For full-converter units, for transient stability analysis, as seen from the power system the most relevant response is the behavior of the line-side converter. This may be modeled as shown in Figure 6-6. In this simplified generic model, for use in positive- sequence simulation programs, the machine side converter and mechanical characteristics of the wind turbine may be neglected and the mechanical power (power command Pcmd) assumed to be constant. Alternatively, a model of the mechanical system may be connected at Pcmd or this variable may be varied according to a lookup table during simulation of disturbances to emulate the action of the pitch control and machine side converter which will reduce the mechanical power by both pitching the turbine blades and feeding excess power into a breaking resistor, respectively. The model allows simulation of constant power factor operation (setting mode to 0) or voltage regulation (mode set to 1) for four-quadrant voltage source converters with this control mode. The time constants Tt, Tq and Tp represent lags in the voltage measurement and Q and P command control loops, respectively. Vt is the machine terminal voltage from the network solution. The reference voltage (Vref) is set by the user (or initial power flow solution). The maximum and minimum power levels (Pmax/0 and Qmax/Qmin) define the unit’s ratings. The block Trans represents the algebraic transformation of the real and reactive current command (Ip and Iq) into the effective current injection into the network – this is calculated based on the network voltage phasor at the secondary of the converter transformer. The current phasor It is then injected into the network. The limit imax acts on the current phasor (It) magnitude, and is based on the maximum current rating of the line side converter – this limit may be made a function of terminal voltage (e.g. to emulate extinction of injected current for periods when the converter will stop gating due to severe voltage depression, typically Vt < 0.2 pu). Similarly, the current limits Ipmax and Iqmax act on the real and reactive current commands, respectively, and may be made a function of terminal voltage. Thus, as with the DFAG (see Appendix B) the dynamics of the converter current control loops (which are in the kilohertz range) are neglected and assumed to be instantaneous for the purposes of power system studies.

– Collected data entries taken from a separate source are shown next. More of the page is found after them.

text \<open>The hypothesis on \<open>g\<close> says that \<open>g = \<Sum>\<^sub>l \<Sum>\<^sub>\<alpha> x\<^sub>\<alpha> P\<^sub>l G\<^sub>l\<^sub>,\<^sub>\<alpha>\<close>, the coefficient of \<open>w\<close>
  collecting the factorisations \<open>w = \<alpha> \<beta> \<gamma>\<close> with \<open>a = |\<alpha>|\<close>, \<open>i = |\<alpha> \<beta>|\<close>; the partial sums
  over \<open>|\<alpha>| < N\<close> lie in the ideal and converge \<open>x\<close>-adically to \<open>g\<close>.\<close>

lemma factorization_sum_in_nc_closure:
  fixes P :: "'l \<Rightarrow> ('e::finite, 'k::field) ncseries"
    and G :: "'l \<Rightarrow> 'e list \<Rightarrow> ('e, 'k) ncseries"
  assumes L: "finite L"
    and P_ideal: "\<And>l. l \<in> L \<Longrightarrow> P l \<in> nc_ideal S"
    and P_novikov: "\<And>l w. P l w \<in> novikov0"
    and G_series: "\<And>l \<alpha>. G l \<alpha> \<in> nc_series"
    and g_series: "g \<in> nc_series"
    and g_eq: "\<And>w. g w = (\<Sum>l\<in>L. \<Sum>i\<le>length w. \<Sum>a\<le>i.
                   nov_mult (P l (drop a (take i w))) (G l (take a w) (drop i w)))"
  shows "g \<in> nc_closure (nc_ideal S)"
  unfolding nc_closure_def
proof (intro CollectI conjI g_series allI)
  fix N
  define h where "h = (\<Sum>l\<in>L. \<Sum>\<alpha>\<in>{\<alpha>. length \<alpha> < N}.
      nc_mult (nc_mult (nc_monomial \<alpha>) (P l)) (G l \<alpha>))"
  have "h \<in> nc_ideal S"
    unfolding h_def using L finite_lists_length_less
    by (intro nc_ideal_sum nc_ideal.rmult nc_ideal.lmult P_ideal G_series nc_monomial_in_nc_series)
  moreover have "g w = h w" if "length w < N" for w
  proof -
    have "h w = (\<Sum>l\<in>L. \<Sum>i\<le>length w. \<Sum>\<alpha>\<in>{\<alpha>. length \<alpha> < N}.
          if take (length \<alpha>) (take i w) = \<alpha>
          then nov_mult (P l (drop (length \<alpha>) (take i w))) (G l \<alpha> (drop i w)) else 0)"
      unfolding h_def sum_fun_apply[of _ _ w] nc_mult_monomial_left_apply[OF P_novikov]
      by (intro sum.cong refl sum.swap)
    also have "\<dots> = g w"
      unfolding g_eq
    proof (intro sum.cong refl)
      fix l i
      assume "i \<in> {..length w}"
      then have i: "length (take i w) = i"
        by simp
      have short: "length (take i w) < N"
        using that by simp
      show "(\<Sum>\<alpha>\<in>{\<alpha>. length \<alpha> < N}. if take (length \<alpha>) (take i w) = \<alpha>
          then nov_mult (P l (drop (length \<alpha>) (take i w))) (G l \<alpha> (drop i w)) else 0)
        = (\<Sum>a\<le>i. nov_mult (P l (drop a (take i w))) (G l (take a w) (drop i w)))"
        unfolding sum_prefixes[OF short] i by (intro sum.cong) (auto simp: min_def)
    qed
    finally show ?thesis ..
  qed
  ultimately show "\<exists>h\<in>nc_ideal S. \<forall>w. length w < N \<longrightarrow> g w = h w"
    by blast
qed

Figure 6-6: Generic model of full-converter wind turbine generator (line side converter).

6.3.2.1 Modeling the Protection Systems

For the purposes of power system simulations, the protection systems such as voltage-ride through (over- and undervoltage trip settings), overfrequency and underfrequency trip settings can be implemented as logic statements. Namely, based on the network solution the terminal voltage and network frequency at the machine terminals can be calculated. Thus, a set of logic statements are typically specified that will trip (disconnect the turbine-generator model from the network) the wind turbine generator if the settings are violated. The trip points should be provided by the manufacturer. Care should be taken, however, in simulating network frequency. Often this is calculated based on the rate of change of bus voltage phasor angle. In the event of a close in fault, this can lead to erroneous results due to the abrupt drop of voltage to a small value. Care must be taken to appropriately filter the signal to avoid emulating erroneous trips due to what may appear as a sudden spike in frequency.